Sheriff of Sacramento County, California, U.S.

Scott Robert Jones (born August 10, 1967) is an American attorney, politician, and former law enforcement officer who served as the sheriff of Sacramento County, California from 2010-2022. Jones was first elected in 2010, winning re-election to his post in 2014 and again in 2018.

==Early life and education==
Jones was raised in Southern California and moved to Sacramento with his family as a child. He earned a Bachelor of Science degree in criminal justice from the California State University, Sacramento and a Juris Doctor from the Lincoln Law School of Sacramento in 1998.

== Career ==
Jones joined the Sacramento County Sheriff's Department in 1989. During his tenure, he has served in corrections, patrol, and legal affairs. He later served as the department's legal advisor.

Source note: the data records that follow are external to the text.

(* Let $p\in\mathbb{R}^n$, let $u_p\in\mathcal W\cap L^{\frac{n}{n-2s_1}}(Q)$ be a minimizer of $\mathcal E_p$ over $\mathcal W$ with $\mathcal E_p(u_p)<\infty$, and let $z:\mathbb{R}^n\times\mathbb{R}^n\to[-1,1]$ be a measurable function satisfying: (a) $\iint_{Q\times\mathbb{R}^n}\tfrac12 z(x,y)(\eta(x)-\eta(y))K(x,y)\,dx\,dy+\int_Q g\eta=0$ for every $\mathbb{Z}^n$-periodic $\eta\in C^\infty(\mathbb{R}^n)$; (b) $u_p(x)-u_p(y)+p\cdot(x-y)=z(x,y)|u_p(x)-u_p(y)+p\cdot(x-y)|$ a.e.; (c) $z(x,y)=-z(y,x)$ a.e.; (d) $z(x+k,y+k)=z(x,y)$ for all $k\in\mathbb{Z}^n$, a.e. (such $z$ exists). Then for every $\eta\in C^\infty_c(\mathbb{R}^n)$, $$\iint_{\mathbb{R}^n\times\mathbb{R}^n}\tfrac12 z(x,y)(\eta(x)-\eta(y))K(x,y)\,dx\,dy+\int_{\mathbb{R}^n}g(x)\eta(x)\,dx=0.$$
   Context: Standing assumptions: $n\ge2$, $Q=(0,1)^n$. The kernel $K:\mathbb{R}^n\times\mathbb{R}^n\to[0,\infty)$ is measurable and satisfies: (K1) $K(y,x)=K(x,y)=K(x+w,y+w)=K(Rx,Ry)$ for all $x,y,w\in\mathbb{R}^n$ and all $R\in SO(n)$; (K2) $\int_{\mathbb{R}^n}|h|\,K(h,0)\,dh<\infty$; (K3) there are constants $0<s_1<\tfrac12<s_2<1$, $\delta>0$ and $0<\kappa_1\le\kappa_2$ such that $\kappa_1\,\chi_{(0,\delta)}(|x-y|)\,|x-y|^{-n-2s_1}\le K(x,y)\le\kappa_2\min\{|x-y|^{-n-2s_1},|x-y|^{-n-2s_2}\}$ for all $x\neq y$; (K4) $\inf_{(x,y)\in Q\times Q}K(x,y)\ge\kappa_3$ for some constant $\kappa_3>0$. The forcing term $g\in L^\infty(\mathbb{R}^n)$ is $\mathbb{Z}^n$-periodic with $\int_Q g(x)\,dx=0$. Cell problem: $\mathcal W=\{u\in L^1_{\rm loc}(\mathbb{R}^n):\ u \text{ is } \mathbb{Z}^n\text{-periodic},\ \int_Q u=0\}$, and for $p\in\mathbb{R}^n$, $\mathcal E_p(u)=\iint_{Q\times\mathbb{R}^n}\tfrac12|u(x)-u(y)+p\cdot(x-y)|\,K(x,y)\,dx\,dy+\int_Q g(x)u(x)\,dx$. *)

theory Defs
  imports "HOL-Analysis.Analysis"
begin

definition cubeQ :: "(real^'n) set" where
  "cubeQ = {x. \<forall>i. 0 < x$i \<and> x$i < 1}"

definition intvecs :: "(real^'n) set" where
  "intvecs = {k. \<forall>i. k$i \<in> \<int>}"

abbreviation M2 :: "((real^'n) \<times> (real^'n)) measure" where
  "M2 \<equiv> lborel \<Otimes>\<^sub>M lborel"

text \<open>C-infinity functions R^n -> R: differentiable everywhere with all partial
  derivatives again C-infinity (greatest fixed point = derivatives of all orders).\<close>
coinductive smooth_fun :: "(real^'n \<Rightarrow> real) \<Rightarrow> bool" where
  "(\<forall>x. f differentiable (at x)) \<Longrightarrow>
   (\<forall>i\<in>(Basis :: (real^'n) set). smooth_fun (\<lambda>x. frechet_derivative f (at x) i)) \<Longrightarrow>
   smooth_fun f"

definition periodic_ae :: "(real^'n \<Rightarrow> real) \<Rightarrow> bool" where
  "periodic_ae u \<longleftrightarrow> (\<forall>k\<in>intvecs. AE x in lborel. u (x + k) = u x)"

definition cellW :: "(real^'n \<Rightarrow> real) set" where
  "cellW = {u. u \<in> borel_measurable lborel \<and>
               (\<forall>C. compact C \<longrightarrow> set_integrable lborel C u) \<and>
               periodic_ae u \<and> (LINT x:cubeQ|lborel. u x) = 0}"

=== 2016 U.S. congressional campaign ===
In November 2015, Jones announced he would run for U.S. Congress in California's 7th congressional district in 2016. Jones, a Republican, faced incumbent Democrat Ami Bera in the November 2016 general election. Bera defeated Jones in the general election, winning 51% of the vote to Jones's 49%. The margin of victory was 4,802 votes.

Jones was endorsed by the Northern California Carpenters Regional Council, a labor union for carpenters. Focuses of his campaign included economic issues, assistance for veterans and seniors, immigration, and national security.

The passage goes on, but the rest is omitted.